→ What you should do
From the entries that follow, pick out all lines holding "represented".

→ Extracted data
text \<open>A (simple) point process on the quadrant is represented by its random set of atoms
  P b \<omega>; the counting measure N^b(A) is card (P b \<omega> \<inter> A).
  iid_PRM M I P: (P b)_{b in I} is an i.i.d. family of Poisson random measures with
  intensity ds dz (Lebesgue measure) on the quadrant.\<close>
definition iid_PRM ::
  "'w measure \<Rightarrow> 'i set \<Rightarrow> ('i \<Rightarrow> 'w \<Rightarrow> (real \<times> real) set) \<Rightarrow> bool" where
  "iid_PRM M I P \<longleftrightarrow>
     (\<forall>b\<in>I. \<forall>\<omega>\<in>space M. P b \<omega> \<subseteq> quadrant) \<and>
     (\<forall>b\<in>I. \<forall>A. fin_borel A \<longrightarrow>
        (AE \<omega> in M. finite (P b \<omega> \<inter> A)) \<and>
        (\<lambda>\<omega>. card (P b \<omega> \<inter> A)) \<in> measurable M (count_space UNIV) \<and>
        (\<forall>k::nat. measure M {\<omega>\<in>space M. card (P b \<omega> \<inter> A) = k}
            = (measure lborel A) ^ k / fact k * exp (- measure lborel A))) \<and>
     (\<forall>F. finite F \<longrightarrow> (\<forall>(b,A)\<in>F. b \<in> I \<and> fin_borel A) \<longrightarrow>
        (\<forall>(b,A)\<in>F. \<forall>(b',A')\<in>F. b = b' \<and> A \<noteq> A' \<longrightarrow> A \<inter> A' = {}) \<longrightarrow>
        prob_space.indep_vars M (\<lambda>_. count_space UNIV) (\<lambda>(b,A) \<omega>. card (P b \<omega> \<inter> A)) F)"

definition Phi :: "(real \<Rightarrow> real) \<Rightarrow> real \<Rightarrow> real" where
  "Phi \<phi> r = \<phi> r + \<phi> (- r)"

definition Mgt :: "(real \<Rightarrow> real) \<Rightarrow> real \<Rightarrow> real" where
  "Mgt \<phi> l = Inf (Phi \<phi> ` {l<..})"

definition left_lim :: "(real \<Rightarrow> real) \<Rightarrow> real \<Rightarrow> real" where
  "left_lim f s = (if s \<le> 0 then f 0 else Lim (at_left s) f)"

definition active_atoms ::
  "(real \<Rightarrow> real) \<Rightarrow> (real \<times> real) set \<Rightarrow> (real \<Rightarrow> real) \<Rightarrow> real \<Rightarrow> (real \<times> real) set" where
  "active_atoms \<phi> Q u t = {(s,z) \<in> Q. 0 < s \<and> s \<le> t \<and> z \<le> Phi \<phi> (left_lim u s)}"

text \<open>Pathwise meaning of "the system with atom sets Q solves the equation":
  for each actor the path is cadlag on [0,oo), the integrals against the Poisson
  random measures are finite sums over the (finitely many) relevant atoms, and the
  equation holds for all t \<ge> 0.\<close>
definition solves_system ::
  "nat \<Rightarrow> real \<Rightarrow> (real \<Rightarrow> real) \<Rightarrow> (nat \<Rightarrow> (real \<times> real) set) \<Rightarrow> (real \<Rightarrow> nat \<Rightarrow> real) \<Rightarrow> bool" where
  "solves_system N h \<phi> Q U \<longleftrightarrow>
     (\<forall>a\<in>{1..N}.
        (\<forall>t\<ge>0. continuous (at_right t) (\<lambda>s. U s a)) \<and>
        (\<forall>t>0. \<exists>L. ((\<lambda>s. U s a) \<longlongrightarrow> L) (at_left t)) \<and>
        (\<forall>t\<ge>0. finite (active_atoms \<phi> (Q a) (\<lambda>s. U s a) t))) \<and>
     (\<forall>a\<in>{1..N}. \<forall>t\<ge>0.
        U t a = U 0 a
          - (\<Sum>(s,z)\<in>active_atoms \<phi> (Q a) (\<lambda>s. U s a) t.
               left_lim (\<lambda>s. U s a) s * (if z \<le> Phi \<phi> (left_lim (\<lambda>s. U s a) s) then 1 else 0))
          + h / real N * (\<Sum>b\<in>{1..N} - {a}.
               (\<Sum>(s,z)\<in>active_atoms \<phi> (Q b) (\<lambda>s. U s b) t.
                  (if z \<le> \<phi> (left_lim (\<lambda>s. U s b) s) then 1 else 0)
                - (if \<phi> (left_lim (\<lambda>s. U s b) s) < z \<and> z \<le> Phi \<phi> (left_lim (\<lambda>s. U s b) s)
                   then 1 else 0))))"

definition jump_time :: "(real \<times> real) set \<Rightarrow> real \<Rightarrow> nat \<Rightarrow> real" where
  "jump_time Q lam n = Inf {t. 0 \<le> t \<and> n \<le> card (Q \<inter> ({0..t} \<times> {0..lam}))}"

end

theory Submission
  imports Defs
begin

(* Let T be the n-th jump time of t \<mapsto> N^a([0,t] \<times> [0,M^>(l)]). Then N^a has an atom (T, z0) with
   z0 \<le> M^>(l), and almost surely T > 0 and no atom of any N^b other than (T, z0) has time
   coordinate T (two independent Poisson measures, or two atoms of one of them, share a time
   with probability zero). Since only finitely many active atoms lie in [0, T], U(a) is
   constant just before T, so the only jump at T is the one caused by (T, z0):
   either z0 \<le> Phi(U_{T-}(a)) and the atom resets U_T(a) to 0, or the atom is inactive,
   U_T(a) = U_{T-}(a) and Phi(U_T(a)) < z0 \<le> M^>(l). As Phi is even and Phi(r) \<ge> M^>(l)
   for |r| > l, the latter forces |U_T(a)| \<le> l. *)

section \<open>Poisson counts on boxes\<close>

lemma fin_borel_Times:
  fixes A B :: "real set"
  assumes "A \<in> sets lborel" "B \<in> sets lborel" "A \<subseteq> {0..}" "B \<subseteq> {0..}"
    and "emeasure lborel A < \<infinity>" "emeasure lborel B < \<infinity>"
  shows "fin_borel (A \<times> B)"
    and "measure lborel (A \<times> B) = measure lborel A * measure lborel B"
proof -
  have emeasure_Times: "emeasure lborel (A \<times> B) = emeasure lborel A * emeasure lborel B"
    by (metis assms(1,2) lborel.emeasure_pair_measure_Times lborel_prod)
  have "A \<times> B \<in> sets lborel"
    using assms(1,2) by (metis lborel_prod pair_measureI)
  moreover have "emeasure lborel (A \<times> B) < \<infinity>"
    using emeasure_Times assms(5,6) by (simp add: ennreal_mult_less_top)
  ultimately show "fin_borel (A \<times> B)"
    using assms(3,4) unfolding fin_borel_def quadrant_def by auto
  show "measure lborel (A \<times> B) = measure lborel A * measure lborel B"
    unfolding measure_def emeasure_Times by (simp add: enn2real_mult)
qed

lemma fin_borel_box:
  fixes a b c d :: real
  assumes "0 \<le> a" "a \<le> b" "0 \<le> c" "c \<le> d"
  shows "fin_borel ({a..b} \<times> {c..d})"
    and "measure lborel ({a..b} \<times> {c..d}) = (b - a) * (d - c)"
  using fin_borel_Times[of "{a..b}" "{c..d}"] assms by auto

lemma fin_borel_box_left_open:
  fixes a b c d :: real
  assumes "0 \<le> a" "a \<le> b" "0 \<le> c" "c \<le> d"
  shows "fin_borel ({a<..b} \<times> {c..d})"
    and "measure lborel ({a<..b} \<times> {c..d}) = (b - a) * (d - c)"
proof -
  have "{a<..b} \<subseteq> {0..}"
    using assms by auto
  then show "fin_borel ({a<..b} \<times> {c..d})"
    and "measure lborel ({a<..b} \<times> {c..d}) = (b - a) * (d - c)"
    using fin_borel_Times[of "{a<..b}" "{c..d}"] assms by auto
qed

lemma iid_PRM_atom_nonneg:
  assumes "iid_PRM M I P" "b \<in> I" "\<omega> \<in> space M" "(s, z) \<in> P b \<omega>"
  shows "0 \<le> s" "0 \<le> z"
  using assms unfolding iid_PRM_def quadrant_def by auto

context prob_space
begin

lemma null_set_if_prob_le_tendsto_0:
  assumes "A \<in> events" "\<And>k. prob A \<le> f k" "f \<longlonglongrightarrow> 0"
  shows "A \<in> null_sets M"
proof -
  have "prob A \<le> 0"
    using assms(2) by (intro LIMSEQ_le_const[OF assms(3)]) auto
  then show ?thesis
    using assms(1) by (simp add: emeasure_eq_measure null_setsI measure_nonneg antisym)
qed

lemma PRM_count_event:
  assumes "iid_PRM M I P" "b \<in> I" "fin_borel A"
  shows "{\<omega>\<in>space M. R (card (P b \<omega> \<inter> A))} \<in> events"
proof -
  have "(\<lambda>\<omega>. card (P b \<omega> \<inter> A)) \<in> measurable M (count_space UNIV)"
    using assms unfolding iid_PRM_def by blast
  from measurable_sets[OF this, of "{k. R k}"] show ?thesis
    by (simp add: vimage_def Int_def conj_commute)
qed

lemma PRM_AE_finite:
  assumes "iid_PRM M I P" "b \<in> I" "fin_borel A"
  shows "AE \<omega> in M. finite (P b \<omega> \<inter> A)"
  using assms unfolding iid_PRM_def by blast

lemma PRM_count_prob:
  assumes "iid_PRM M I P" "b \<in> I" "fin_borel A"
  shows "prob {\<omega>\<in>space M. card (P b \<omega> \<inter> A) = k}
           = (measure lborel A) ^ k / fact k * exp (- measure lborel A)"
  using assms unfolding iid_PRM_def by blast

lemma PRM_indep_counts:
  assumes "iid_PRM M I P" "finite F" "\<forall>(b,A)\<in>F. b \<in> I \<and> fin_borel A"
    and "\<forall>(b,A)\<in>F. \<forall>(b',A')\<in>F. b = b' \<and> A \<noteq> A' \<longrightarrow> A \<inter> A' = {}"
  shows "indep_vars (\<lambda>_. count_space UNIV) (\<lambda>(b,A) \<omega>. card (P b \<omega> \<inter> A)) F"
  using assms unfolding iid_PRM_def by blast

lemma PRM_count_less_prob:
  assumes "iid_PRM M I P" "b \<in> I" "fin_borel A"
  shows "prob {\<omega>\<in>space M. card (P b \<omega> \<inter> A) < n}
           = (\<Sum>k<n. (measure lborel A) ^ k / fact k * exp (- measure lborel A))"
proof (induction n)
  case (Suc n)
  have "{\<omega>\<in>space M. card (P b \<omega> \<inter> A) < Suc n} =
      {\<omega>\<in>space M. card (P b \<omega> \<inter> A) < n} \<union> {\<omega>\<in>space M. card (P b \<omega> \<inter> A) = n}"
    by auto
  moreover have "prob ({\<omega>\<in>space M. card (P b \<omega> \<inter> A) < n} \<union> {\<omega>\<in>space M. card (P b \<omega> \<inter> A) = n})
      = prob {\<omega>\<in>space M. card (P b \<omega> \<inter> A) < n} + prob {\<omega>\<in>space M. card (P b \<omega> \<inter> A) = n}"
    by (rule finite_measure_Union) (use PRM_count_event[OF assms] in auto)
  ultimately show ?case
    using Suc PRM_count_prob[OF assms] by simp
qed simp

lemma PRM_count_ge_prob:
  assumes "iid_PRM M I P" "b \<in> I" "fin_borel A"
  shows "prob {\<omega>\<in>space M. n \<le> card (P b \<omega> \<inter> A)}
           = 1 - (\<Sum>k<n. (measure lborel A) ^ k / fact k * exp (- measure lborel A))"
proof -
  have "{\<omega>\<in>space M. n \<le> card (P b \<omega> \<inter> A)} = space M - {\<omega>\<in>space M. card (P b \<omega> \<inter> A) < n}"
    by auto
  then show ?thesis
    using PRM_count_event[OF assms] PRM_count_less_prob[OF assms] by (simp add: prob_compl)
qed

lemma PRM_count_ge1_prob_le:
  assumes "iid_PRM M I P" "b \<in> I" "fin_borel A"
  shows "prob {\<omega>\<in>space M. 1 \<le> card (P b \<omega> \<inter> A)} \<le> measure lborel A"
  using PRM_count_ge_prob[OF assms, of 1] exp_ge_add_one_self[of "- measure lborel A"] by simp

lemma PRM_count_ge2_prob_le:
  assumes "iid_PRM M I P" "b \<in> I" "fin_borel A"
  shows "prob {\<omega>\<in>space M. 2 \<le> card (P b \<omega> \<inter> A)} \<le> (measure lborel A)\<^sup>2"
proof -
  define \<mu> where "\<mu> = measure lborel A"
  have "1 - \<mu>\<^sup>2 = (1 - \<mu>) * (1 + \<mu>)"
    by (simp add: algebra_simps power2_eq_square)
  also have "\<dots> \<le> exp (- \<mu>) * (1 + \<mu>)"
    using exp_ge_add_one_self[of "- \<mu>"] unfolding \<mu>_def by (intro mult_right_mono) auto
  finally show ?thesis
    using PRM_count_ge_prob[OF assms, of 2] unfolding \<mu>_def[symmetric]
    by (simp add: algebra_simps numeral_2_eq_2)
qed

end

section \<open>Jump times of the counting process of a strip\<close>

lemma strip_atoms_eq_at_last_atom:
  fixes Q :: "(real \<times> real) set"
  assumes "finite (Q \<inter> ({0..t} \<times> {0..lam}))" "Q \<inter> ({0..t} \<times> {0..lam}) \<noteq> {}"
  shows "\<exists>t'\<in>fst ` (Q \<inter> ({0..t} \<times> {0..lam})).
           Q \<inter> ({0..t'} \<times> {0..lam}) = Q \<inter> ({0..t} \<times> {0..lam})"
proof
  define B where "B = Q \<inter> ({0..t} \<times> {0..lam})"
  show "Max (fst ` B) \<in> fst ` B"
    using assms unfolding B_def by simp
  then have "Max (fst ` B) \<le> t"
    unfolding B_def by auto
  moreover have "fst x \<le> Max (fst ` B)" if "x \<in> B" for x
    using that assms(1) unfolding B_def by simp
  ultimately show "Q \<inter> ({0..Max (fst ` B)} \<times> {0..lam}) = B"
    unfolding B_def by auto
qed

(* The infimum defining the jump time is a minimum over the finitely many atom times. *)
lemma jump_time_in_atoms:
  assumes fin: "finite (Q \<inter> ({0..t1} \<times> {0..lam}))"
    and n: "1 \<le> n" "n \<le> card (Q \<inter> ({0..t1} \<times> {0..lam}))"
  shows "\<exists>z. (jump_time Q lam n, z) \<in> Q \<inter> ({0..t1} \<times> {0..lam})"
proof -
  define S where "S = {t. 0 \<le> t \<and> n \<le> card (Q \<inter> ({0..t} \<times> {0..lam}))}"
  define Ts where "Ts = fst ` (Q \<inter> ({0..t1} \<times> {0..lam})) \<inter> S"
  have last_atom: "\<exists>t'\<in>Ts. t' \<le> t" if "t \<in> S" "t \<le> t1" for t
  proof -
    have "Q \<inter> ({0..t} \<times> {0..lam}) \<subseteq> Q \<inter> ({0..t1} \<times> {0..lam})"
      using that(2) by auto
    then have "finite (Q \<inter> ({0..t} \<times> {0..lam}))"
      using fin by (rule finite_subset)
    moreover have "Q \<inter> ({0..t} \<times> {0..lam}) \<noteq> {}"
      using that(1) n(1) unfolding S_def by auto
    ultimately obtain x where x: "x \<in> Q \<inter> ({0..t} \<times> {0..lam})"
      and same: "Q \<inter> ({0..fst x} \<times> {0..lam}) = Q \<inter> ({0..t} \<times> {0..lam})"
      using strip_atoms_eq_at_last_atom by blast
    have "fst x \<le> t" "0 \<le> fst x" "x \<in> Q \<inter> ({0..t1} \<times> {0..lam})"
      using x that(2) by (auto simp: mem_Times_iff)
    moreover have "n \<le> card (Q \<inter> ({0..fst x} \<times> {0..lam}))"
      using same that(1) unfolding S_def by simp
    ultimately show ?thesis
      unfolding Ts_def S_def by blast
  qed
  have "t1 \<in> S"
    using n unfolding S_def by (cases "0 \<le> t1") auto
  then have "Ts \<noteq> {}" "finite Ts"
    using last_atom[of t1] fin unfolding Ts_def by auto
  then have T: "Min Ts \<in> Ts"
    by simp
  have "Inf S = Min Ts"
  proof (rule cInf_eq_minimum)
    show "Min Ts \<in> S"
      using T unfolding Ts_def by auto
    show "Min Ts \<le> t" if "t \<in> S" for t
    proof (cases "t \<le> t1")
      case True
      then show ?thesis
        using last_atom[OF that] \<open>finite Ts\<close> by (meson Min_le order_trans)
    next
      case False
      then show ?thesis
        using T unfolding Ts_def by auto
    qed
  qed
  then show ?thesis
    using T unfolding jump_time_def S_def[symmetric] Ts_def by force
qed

* * *

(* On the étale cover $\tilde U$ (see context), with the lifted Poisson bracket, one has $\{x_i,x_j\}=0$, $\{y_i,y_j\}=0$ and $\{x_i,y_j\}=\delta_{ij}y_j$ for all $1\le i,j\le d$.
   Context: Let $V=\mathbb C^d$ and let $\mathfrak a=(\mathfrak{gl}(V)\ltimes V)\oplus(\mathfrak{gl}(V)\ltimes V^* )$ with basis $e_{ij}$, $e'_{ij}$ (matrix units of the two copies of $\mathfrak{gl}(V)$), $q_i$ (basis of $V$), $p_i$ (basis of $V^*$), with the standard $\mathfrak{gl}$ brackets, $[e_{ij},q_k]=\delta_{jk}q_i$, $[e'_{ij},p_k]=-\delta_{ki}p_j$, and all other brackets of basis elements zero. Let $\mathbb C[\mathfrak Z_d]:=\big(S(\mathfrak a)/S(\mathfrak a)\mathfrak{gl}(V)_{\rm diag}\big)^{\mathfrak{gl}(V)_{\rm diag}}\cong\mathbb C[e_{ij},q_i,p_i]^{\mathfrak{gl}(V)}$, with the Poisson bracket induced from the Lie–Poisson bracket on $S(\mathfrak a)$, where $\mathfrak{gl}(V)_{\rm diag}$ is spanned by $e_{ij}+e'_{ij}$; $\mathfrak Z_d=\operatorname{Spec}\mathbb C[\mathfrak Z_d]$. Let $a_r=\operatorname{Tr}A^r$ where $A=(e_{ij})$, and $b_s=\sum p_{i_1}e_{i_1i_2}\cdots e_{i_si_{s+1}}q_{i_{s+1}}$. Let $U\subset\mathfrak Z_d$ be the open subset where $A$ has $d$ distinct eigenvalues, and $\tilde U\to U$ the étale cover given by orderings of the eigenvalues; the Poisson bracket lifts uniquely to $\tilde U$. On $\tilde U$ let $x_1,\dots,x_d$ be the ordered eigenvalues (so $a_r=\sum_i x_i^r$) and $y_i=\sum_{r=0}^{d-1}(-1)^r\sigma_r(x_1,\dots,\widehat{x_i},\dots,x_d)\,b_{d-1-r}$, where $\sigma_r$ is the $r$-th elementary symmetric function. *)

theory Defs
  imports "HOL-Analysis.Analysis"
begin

...

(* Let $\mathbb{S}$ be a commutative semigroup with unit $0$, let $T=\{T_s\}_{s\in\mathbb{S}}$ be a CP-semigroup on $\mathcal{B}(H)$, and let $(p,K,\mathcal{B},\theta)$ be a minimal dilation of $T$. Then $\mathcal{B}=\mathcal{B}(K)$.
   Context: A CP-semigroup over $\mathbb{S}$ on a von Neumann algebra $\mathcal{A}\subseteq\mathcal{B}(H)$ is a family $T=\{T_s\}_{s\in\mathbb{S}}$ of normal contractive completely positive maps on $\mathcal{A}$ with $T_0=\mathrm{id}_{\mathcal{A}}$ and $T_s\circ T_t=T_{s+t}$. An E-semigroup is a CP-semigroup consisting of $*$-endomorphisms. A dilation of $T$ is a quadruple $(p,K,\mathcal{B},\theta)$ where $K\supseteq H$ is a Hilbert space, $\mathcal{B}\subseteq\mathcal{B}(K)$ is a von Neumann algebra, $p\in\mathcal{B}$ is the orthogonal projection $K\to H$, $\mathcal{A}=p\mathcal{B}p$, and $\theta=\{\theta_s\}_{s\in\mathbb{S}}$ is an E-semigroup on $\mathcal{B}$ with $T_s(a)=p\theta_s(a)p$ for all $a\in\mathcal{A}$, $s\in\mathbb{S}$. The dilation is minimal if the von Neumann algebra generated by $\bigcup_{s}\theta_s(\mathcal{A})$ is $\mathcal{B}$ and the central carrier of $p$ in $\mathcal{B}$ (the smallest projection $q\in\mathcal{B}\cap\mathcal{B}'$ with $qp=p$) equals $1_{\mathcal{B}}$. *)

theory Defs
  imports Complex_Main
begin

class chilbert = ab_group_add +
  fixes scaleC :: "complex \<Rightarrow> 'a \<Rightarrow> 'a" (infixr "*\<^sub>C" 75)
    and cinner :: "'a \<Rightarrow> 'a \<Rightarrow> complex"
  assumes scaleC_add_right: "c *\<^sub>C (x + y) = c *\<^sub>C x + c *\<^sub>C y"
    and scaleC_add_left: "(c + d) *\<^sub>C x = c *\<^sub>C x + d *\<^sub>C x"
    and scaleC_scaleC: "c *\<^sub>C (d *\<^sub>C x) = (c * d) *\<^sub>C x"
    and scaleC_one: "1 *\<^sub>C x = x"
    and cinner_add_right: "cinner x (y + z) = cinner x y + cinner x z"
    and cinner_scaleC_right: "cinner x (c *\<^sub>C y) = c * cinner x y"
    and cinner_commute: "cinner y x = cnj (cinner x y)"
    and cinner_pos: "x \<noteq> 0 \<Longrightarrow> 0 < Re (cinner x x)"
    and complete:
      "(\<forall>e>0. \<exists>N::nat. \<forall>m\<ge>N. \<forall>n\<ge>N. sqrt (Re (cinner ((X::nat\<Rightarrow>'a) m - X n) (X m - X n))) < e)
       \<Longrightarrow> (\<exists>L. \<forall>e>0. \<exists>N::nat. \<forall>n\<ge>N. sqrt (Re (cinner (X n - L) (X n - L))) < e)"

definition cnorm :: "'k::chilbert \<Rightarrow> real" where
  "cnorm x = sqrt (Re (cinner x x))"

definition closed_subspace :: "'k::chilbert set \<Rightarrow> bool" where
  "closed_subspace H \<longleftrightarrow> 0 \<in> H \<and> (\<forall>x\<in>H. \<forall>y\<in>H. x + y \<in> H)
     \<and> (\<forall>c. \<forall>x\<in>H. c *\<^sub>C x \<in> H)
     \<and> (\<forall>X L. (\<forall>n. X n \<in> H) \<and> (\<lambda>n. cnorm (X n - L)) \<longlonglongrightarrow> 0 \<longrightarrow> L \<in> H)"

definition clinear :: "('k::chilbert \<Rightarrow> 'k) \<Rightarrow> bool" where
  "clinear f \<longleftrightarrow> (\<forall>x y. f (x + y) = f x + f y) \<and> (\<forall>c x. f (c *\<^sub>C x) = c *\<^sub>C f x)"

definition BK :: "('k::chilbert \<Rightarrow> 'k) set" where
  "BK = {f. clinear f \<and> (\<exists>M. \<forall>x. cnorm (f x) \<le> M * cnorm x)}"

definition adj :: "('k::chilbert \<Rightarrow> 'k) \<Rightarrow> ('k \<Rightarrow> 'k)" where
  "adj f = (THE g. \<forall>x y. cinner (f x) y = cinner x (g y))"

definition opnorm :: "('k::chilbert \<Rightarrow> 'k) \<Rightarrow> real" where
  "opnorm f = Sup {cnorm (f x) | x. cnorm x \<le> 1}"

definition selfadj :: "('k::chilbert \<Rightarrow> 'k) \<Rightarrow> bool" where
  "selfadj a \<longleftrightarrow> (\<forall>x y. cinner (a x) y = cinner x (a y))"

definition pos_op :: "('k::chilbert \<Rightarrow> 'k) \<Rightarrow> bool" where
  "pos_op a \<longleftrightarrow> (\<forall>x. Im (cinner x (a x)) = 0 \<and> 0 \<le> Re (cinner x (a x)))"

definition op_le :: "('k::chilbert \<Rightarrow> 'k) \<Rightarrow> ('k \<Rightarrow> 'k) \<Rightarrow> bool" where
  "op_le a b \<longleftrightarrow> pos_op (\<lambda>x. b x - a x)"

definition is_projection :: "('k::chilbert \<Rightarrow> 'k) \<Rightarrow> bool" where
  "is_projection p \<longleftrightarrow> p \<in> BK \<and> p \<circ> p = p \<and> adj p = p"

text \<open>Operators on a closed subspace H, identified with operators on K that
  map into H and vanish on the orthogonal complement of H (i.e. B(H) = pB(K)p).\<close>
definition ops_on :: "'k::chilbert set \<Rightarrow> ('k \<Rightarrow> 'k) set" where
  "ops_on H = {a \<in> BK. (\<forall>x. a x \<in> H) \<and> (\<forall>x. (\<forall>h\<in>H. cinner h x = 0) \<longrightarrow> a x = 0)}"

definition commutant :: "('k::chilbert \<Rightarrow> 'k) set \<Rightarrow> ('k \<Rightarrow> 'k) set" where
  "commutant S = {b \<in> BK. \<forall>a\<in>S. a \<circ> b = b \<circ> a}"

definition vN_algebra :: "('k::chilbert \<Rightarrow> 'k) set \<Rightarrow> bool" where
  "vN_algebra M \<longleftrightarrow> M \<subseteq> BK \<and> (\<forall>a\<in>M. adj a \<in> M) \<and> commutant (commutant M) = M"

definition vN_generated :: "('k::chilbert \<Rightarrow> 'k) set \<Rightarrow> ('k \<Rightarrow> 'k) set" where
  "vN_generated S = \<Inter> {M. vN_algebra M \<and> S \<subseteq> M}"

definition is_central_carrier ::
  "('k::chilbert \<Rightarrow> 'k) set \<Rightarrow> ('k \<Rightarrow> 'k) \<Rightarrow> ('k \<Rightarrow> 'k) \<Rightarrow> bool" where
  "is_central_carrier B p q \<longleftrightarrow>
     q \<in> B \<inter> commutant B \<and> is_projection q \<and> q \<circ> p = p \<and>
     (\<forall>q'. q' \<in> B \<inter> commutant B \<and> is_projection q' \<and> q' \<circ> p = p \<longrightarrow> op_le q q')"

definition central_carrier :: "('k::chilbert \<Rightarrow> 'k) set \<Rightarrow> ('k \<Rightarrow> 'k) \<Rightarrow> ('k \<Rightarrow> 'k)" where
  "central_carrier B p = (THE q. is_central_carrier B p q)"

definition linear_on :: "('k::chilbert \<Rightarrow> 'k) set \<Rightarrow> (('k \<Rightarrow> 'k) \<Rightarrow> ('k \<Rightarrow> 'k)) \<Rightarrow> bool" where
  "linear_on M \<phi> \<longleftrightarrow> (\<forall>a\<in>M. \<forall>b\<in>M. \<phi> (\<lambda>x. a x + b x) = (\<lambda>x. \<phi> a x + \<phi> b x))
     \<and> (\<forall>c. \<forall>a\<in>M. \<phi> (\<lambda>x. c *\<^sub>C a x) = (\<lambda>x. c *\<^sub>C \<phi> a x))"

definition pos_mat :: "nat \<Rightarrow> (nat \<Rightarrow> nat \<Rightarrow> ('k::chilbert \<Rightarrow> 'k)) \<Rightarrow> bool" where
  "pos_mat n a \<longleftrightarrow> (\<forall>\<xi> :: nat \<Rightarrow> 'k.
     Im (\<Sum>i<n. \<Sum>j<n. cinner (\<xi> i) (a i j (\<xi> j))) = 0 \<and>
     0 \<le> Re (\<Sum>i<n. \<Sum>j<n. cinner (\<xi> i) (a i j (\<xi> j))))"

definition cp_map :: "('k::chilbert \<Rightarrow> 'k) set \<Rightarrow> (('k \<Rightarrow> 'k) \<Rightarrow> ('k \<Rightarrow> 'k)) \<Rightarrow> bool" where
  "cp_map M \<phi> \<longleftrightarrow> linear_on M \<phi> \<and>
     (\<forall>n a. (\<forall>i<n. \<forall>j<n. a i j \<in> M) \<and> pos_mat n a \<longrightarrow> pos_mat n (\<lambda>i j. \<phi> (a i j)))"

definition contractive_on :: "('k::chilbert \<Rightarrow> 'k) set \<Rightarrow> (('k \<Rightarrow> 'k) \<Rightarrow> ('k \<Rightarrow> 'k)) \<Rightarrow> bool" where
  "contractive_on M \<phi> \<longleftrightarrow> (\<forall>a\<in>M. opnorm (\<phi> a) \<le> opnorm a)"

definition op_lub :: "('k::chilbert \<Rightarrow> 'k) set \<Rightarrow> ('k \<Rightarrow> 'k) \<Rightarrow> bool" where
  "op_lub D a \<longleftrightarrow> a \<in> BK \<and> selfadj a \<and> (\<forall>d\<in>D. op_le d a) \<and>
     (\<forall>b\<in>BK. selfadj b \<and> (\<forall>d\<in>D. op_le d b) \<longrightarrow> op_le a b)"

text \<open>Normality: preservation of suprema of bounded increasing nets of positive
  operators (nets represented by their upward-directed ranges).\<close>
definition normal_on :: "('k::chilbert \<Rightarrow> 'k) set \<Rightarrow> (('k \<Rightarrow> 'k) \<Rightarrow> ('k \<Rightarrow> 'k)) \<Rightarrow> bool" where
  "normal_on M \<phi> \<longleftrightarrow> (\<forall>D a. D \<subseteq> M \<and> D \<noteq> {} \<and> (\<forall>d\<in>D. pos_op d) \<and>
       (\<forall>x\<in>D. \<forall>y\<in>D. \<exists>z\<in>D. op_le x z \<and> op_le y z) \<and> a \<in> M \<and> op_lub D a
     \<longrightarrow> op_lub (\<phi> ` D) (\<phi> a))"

→ Solution to this task
text \<open>A (simple) point process on the quadrant is represented by its random set of atoms
  operators (nets represented by their upward-directed ranges).\<close>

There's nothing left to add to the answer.